PMCID: PMC8109694  PMID: 16849904

Abstract

Atherosclerotic renal artery stenosis (RAS) is relatively common and often associated with reversible hypertension, progressive renal insufficiency, and/or coronary‐independent pulmonary edema. Not all RAS is associated with renovascular hypertension. Historical and physical findings may suggest renovascular hypertension and warrant investigation for RAS. Noninvasive diagnostic imaging options include renal artery duplex ultrasonography, magnetic resonance angiography, computed tomographic angiography, and CO2 angiography, with each method having its own advantages and limitations. Functional tests of renal flow, which characterize RAS significance, include captopril‐stimulated plasma renin activity and captopril renography. To date, no single approach has shown clear superiority either in diagnosis or identification of patients most likely to benefit from revascularization. Revascularization of RAS is recommended for severe/drug‐refractory hypertension, preservation of renal function, recurrent flash pulmonary edema, or recurrent severe heart failure. Intervention response is variable, but the ongoing Cardiovascular Outcomes in Renal Atherosclerotic Lesions (CORAL) trial, comparing medical therapy with and without stenting, should provide management guidance.
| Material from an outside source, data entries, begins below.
lemma swap_den_pos:
  assumes i: "i \<in> S" and gain: "\<delta> * swap_den i j \<le> swap_num i j"
  shows "0 < swap_den i j"
proof (rule ccontr)
  assume "\<not> 0 < swap_den i j"
  moreover have "0 \<le> (1 - tau i i) * (1 + tau j j)"
    using tau_le_one[OF i] tau_nonneg[of j] by simp
  ultimately have "(1 - tau i i) * (1 + tau j j) = 0" and "(tau i j)\<^sup>2 = 0"
    unfolding swap_den_def using zero_le_power2[of "tau i j"] by linarith+
  then have "(1 - tau i i) * (1 + tau j j) = 0" and tau_ij: "tau i j = 0" by simp_all
  then have tau_ii: "tau i i = 1" using tau_nonneg[of j] by simp
  then have "swap_num i j = - h i i * (1 + tau j j)" and "swap_den i j = 0"
    unfolding swap_num_def swap_den_def using tau_ij by simp_all
  moreover have "0 < h i i * (1 + tau j j)"
    using h_pos_if_tau_nonzero[of i] tau_ii tau_nonneg[of j] by simp
  ultimately show False using gain by simp
qed

lemma swap_gain_pair_bound:
  assumes "i \<in> S"
  shows "h j j * (1 - tau i i) - (1 + 2 * tau j j) * h i i - h j j / tau j j * (tau i j)\<^sup>2
           - \<delta> * (1 + tau j j) * (1 - tau i i) - \<delta> * (tau i j)\<^sup>2
         \<le> swap_num i j - \<delta> * swap_den i j"
proof -
  have "- ((tau i j)\<^sup>2 * (h j j / tau j j) + h i i * tau j j) \<le> 2 * tau i j * h i j"
    using h_Cauchy_Schwarz[of i j] h_nonneg[of i] h_nonneg[of j] tau_sq_le[OF assms, of j]
    by (rule cross_term_lower_bound)
  then show ?thesis unfolding swap_num_def swap_den_def by (simp add: algebra_simps)
qed

lemma swap_gain_column_bound:
  assumes x: "\<And>i. i \<in> S \<Longrightarrow> 0 \<le> x i \<and> x i \<le> 1" and \<delta>: "0 \<le> \<delta>"
  defines "A \<equiv> \<Sum>i\<in>S. (1 - x i) * (1 - tau i i)" and "B \<equiv> \<Sum>i\<in>S. (1 - x i) * h i i"
  shows "h j j * A - (1 + 2 * tau j j) * B - h j j - \<delta> * (1 + tau j j) * A - \<delta> * tau j j
           \<le> (\<Sum>i\<in>S. (1 - x i) * (swap_num i j - \<delta> * swap_den i j))"
proof -
  define c where "c = h j j / tau j j"
  define E where "E = (\<Sum>i\<in>S. (1 - x i) * (tau i j)\<^sup>2)"
  define L where "L i = h j j * (1 - tau i i) - (1 + 2 * tau j j) * h i i - c * (tau i j)\<^sup>2
      - \<delta> * (1 + tau j j) * (1 - tau i i) - \<delta> * (tau i j)\<^sup>2" for i
  have "L i \<le> swap_num i j - \<delta> * swap_den i j" if "i \<in> S" for i
    unfolding L_def c_def using that by (rule swap_gain_pair_bound)
  then have "(\<Sum>i\<in>S. (1 - x i) * L i) \<le> (\<Sum>i\<in>S. (1 - x i) * (swap_num i j - \<delta> * swap_den i j))"
    using x by (intro sum_mono mult_left_mono) auto
  moreover have "(\<Sum>i\<in>S. (1 - x i) * L i)
      = h j j * A - (1 + 2 * tau j j) * B - c * E - \<delta> * (1 + tau j j) * A - \<delta> * E"
  proof -
    have "(\<Sum>i\<in>S. (1 - x i) * L i) = (\<Sum>i\<in>S. h j j * ((1 - x i) * (1 - tau i i))
        - (1 + 2 * tau j j) * ((1 - x i) * h i i) - c * ((1 - x i) * (tau i j)\<^sup>2)
        - \<delta> * (1 + tau j j) * ((1 - x i) * (1 - tau i i)) - \<delta> * ((1 - x i) * (tau i j)\<^sup>2))"
      unfolding L_def by (intro sum.cong) (auto simp: algebra_simps)
    then show ?thesis unfolding A_def B_def E_def by (simp add: sum_subtractf sum_distrib_left)
  qed
  moreover have E_le: "E \<le> tau j j"
  proof -
    have "E \<le> (\<Sum>i\<in>S. (tau i j)\<^sup>2)"
      unfolding E_def using x by (intro sum_mono) (simp add: mult_left_le_one_le)
    then show ?thesis by (simp add: sum_tau_sq)
  qed
  moreover have "c * E \<le> h j j"
  proof (cases "tau j j = 0")
    case False
    then have "0 < tau j j" using tau_nonneg[of j] by simp
    then have "c * E \<le> c * tau j j" using E_le h_nonneg[of j] unfolding c_def by (intro mult_left_mono) auto
    then show ?thesis using \<open>0 < tau j j\<close> unfolding c_def by simp
  qed (simp add: c_def h_nonneg)
  moreover have "\<delta> * E \<le> \<delta> * tau j j" using E_le \<delta> by (rule mult_left_mono)
  ultimately show ?thesis by linarith
qed

end

locale fractional_design = design v S for v :: "nat \<Rightarrow> real^'d" and S :: "nat set" +
  fixes x :: "nat \<Rightarrow> real" and n :: nat
  assumes x_range: "\<And>k. k < n \<Longrightarrow> 0 \<le> x k \<and> x k \<le> 1"
    and S_subset: "S \<subseteq> {..<n}"
    and invertible_X: "invertible (\<Sum>k<n. x k *\<^sub>R outer (v k))"
begin

abbreviation X :: "real^'d^'d" where "X \<equiv> \<Sum>k<n. x k *\<^sub>R outer (v k)"

abbreviation outside :: "nat set" where "outside \<equiv> {..<n} - S"

lemma x_range_S: "i \<in> S \<Longrightarrow> 0 \<le> x i \<and> x i \<le> 1"
  using x_range S_subset by auto

lemma x_range_outside: "j \<in> outside \<Longrightarrow> 0 \<le> x j \<and> x j \<le> 1"
  using x_range by auto

lemma sum_split: "(\<Sum>k<n. f k) = (\<Sum>k\<in>S. f k) + (\<Sum>k\<in>outside. f k)"
  using sum.subset_diff[OF S_subset, of f] by (simp add: add.commute)

lemma trace_W_sq_le:
  "(trace W)\<^sup>2 \<le> ((\<Sum>i\<in>S. x i * h i i) + (\<Sum>j\<in>outside. x j * h j j)) * trace (matrix_inv X)"
proof -
  have "(trace W)\<^sup>2 \<le> (\<Sum>k<n. x k * h k k) * trace (matrix_inv X)"
    unfolding h_def using x_range invertible_X W_symmetric
    by (intro trace_sq_le_weighted_outer_sum) auto
  then show ?thesis unfolding sum_split[of "\<lambda>k. x k * h k k"] .
qed

lemma trace_matrix_inv_X_pos: "0 < trace (matrix_inv X)"
proof -
  have "0 < ((\<Sum>i\<in>S. x i * h i i) + (\<Sum>j\<in>outside. x j * h j j)) * trace (matrix_inv X)"
    using trace_W_sq_le trace_W_pos by (smt (verit) zero_less_power2)
  moreover have "0 \<le> (\<Sum>i\<in>S. x i * h i i) + (\<Sum>j\<in>outside. x j * h j j)"
    using x_range_S x_range_outside h_nonneg by (intro add_nonneg_nonneg sum_nonneg) auto
  ultimately show ?thesis by (simp add: zero_less_mult_iff)
qed

lemma trace_X: "trace X = (\<Sum>k<n. x k * (v k \<bullet> v k))"
  using trace_mul_weighted_outer_sum[of "mat 1" x v "{..<n}"] by simp

lemma trace_X_nonneg: "0 \<le> trace X"
  unfolding trace_X using x_range by (intro sum_nonneg) auto

lemma outside_tau_sq_le: "(\<Sum>j\<in>outside. x j * tau j j)\<^sup>2 \<le> (\<Sum>j\<in>outside. x j * h j j) * trace X"
proof -
  have "(\<Sum>j\<in>outside. x j * tau j j)\<^sup>2
      \<le> (\<Sum>j\<in>outside. x j * (v j \<bullet> v j)) * (\<Sum>j\<in>outside. x j * h j j)"
    unfolding tau_def h_def using x_range_outside by (intro weighted_Cauchy_Schwarz) auto
  also have "\<dots> \<le> trace X * (\<Sum>j\<in>outside. x j * h j j)"
  proof (rule mult_right_mono)
    show "(\<Sum>j\<in>outside. x j * (v j \<bullet> v j)) \<le> trace X"
      unfolding trace_X sum_split[of "\<lambda>k. x k * (v k \<bullet> v k)"] using x_range_S by (simp add: sum_nonneg)
    show "0 \<le> (\<Sum>j\<in>outside. x j * h j j)"
      using x_range_outside h_nonneg by (intro sum_nonneg) auto
  qed
  finally show ?thesis by (simp add: mult.commute)
qed

lemma complement_leverage_bounds:
  defines "A \<equiv> \<Sum>i\<in>S. (1 - x i) * (1 - tau i i)"
  shows "real (card S) - (\<Sum>k<n. x k) + (\<Sum>j\<in>outside. x j) - real CARD('d) \<le> A"
    and "A \<le> real (card S) - real CARD('d)"
proof -
  have "A = card S - (\<Sum>i\<in>S. x i) - (\<Sum>i\<in>S. tau i i) + (\<Sum>i\<in>S. x i * tau i i)"
    unfolding A_def by (simp add: algebra_simps sum.distrib sum_subtractf)
  moreover have "0 \<le> (\<Sum>i\<in>S. x i * tau i i)"
    using x_range_S tau_nonneg by (intro sum_nonneg) auto
  moreover have "(\<Sum>i\<in>S. x i * tau i i) \<le> (\<Sum>i\<in>S. x i)"
    using x_range_S tau_le_one by (intro sum_mono) (simp add: mult_left_le)
  ultimately show "real (card S) - (\<Sum>k<n. x k) + (\<Sum>j\<in>outside. x j) - real CARD('d) \<le> A"
    and "A \<le> real (card S) - real CARD('d)"
    unfolding sum_split[of x] sum_tau by linarith+
qed

end

locale swap_hypotheses = fractional_design v S x n
  for v :: "nat \<Rightarrow> real^'d" and S :: "nat set" and x :: "nat \<Rightarrow> real" and n :: nat +
  fixes \<epsilon> :: real
  assumes eps_pos: "0 < \<epsilon>"
    and trace_gap: "(1 + \<epsilon>) * trace (matrix_inv X) \<le> trace W"
    and card_S_large: "(\<Sum>k<n. x k) + 2 * real CARD('d)
                         + 2 * (1 + \<epsilon>) * sqrt (trace X * trace (matrix_inv X)) \<le> real (card S)"
begin

lemma sum_x_le_card_S: "(\<Sum>k<n. x k) + 2 \<le> real (card S)"
proof -
  have "0 \<le> 2 * (1 + \<epsilon>) * sqrt (trace X * trace (matrix_inv X))"
    using eps_pos trace_X_nonneg trace_matrix_inv_X_pos by simp
  moreover have "1 \<le> real CARD('d)" by (simp add: Suc_le_eq)
  ultimately show ?thesis using card_S_large by linarith
qed

lemma card_S_pos: "0 < real (card S)"
proof -
  have "0 \<le> (\<Sum>k<n. x k)" using x_range by (intro sum_nonneg) auto
  then show ?thesis using sum_x_le_card_S by linarith
qed

lemma sum_h_inside_le: "(\<Sum>i\<in>S. x i * h i i) \<le> trace W"
  unfolding sum_h[symmetric] using x_range_S h_nonneg by (intro sum_mono) (simp add: mult_left_le_one_le)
Atherosclerotic renal artery stenosis (RAS) is more common than typically appreciated, with an incidence of 6.8% reported in an elderly group of patients. 1 This figure is higher in individuals with coronary artery (15%–23%), aortoiliac (28%–38%), and peripheral vascular (45%–59%) disease. 2 , 3 , 4 The disorder is associated with reversible hypertension and progressive renal insufficiency 5 , 6 ; RAS is identified as the primary etiology in 1%–5% of hypertensive Americans 7 and in 2%–14% of newly diagnosed cases of end‐stage renal disease. The prevalence of RAS is higher in Caucasians than in African Americans. 8

Two pathophysiologic processes can lead to RAS. More than 90% of cases are due to atherosclerosis, with stenoses typically involving the proximal renal artery. 9 Risk factors are similar to those for atherosclerosis of other vascular territories and include advanced age, diabetes mellitus, hypertension, hyperlipidemia, 10 male sex, and smoking. 11 The remaining 10% of cases of RAS are due to fibromuscular dysplasia, wherein characteristic “beading” in the distal two thirds of the renal artery is seen in these typically young female patients. 12 The focus of this discussion is atherosclerotic RAS.

Not all cases of atherosclerotic RAS are clinically significant. In a retrospective review of aortograms, about one half of patients with a >50% renal artery lesion did not have hypertension. 13 Subcritical RAS may progress to total occlusion. In a study performed before the widespread use of angiotensin‐converting enzyme (ACE) inhibitors and statin drugs, up to 39% of patients developed 100% occlusion. Those with a >75% reduction in lumen diameter were most likely to occlude. 14 Lower rates of RAS progression have been noted since the 1990s. In a study of 295 vessels in patients followed with serial Doppler examinations over a period of 4–5 years, likelihood of progression depended on the initial grade of stenosis. Follow‐up increased Doppler velocities (indicating stenosis progression) were noted in 31% of vessels, with only 3% progressing to total occlusion. 15 In a study of 1189 patients found to have RAS at cardiac catheterization, only 11% were subsequently found to have progressive disease. Recently reported rates of progression, notably lower than previously reported, may be related to wider use of ACE inhibitors and statin drugs. 16

Clinical manifestations of atherosclerotic RAS are hypertension (often severe and/or refractory to standard medical therapy), renal failure (ischemic nephropathy), recurrent congestive heart failure, and episodic (“flash”) pulmonary edema. 9 ' 17

The renin‐angiotensin‐aldosterone system is important in the development of renovascular hypertension (RH). RH begins with increased renin release in response to diminished perfusion to the affected renal afferent arterioles. Renin production in the contralateral kidney (in unilateral RAS) is suppressed by the systemic hypertension. Eventually, total serum renin levels fall (but remain higher than predicted in the face of blood pressure elevation) as intravascular volume expands under the downstream effects of angiotensin and aldosterone. 18

Although RAS is often bilateral, one side typically predominates physiologically. True bilateral RAS, or RAS to a solitary functional kidney, should be suspected when renal insufficiency is present or oliguric renal failure develops during therapy with an ACE inhibitor or angiotensin receptor blocker. 19

Ischemic nephropathy results from a reduction in glomerular filtration with loss of renal mass and subsequent renal functional impairment.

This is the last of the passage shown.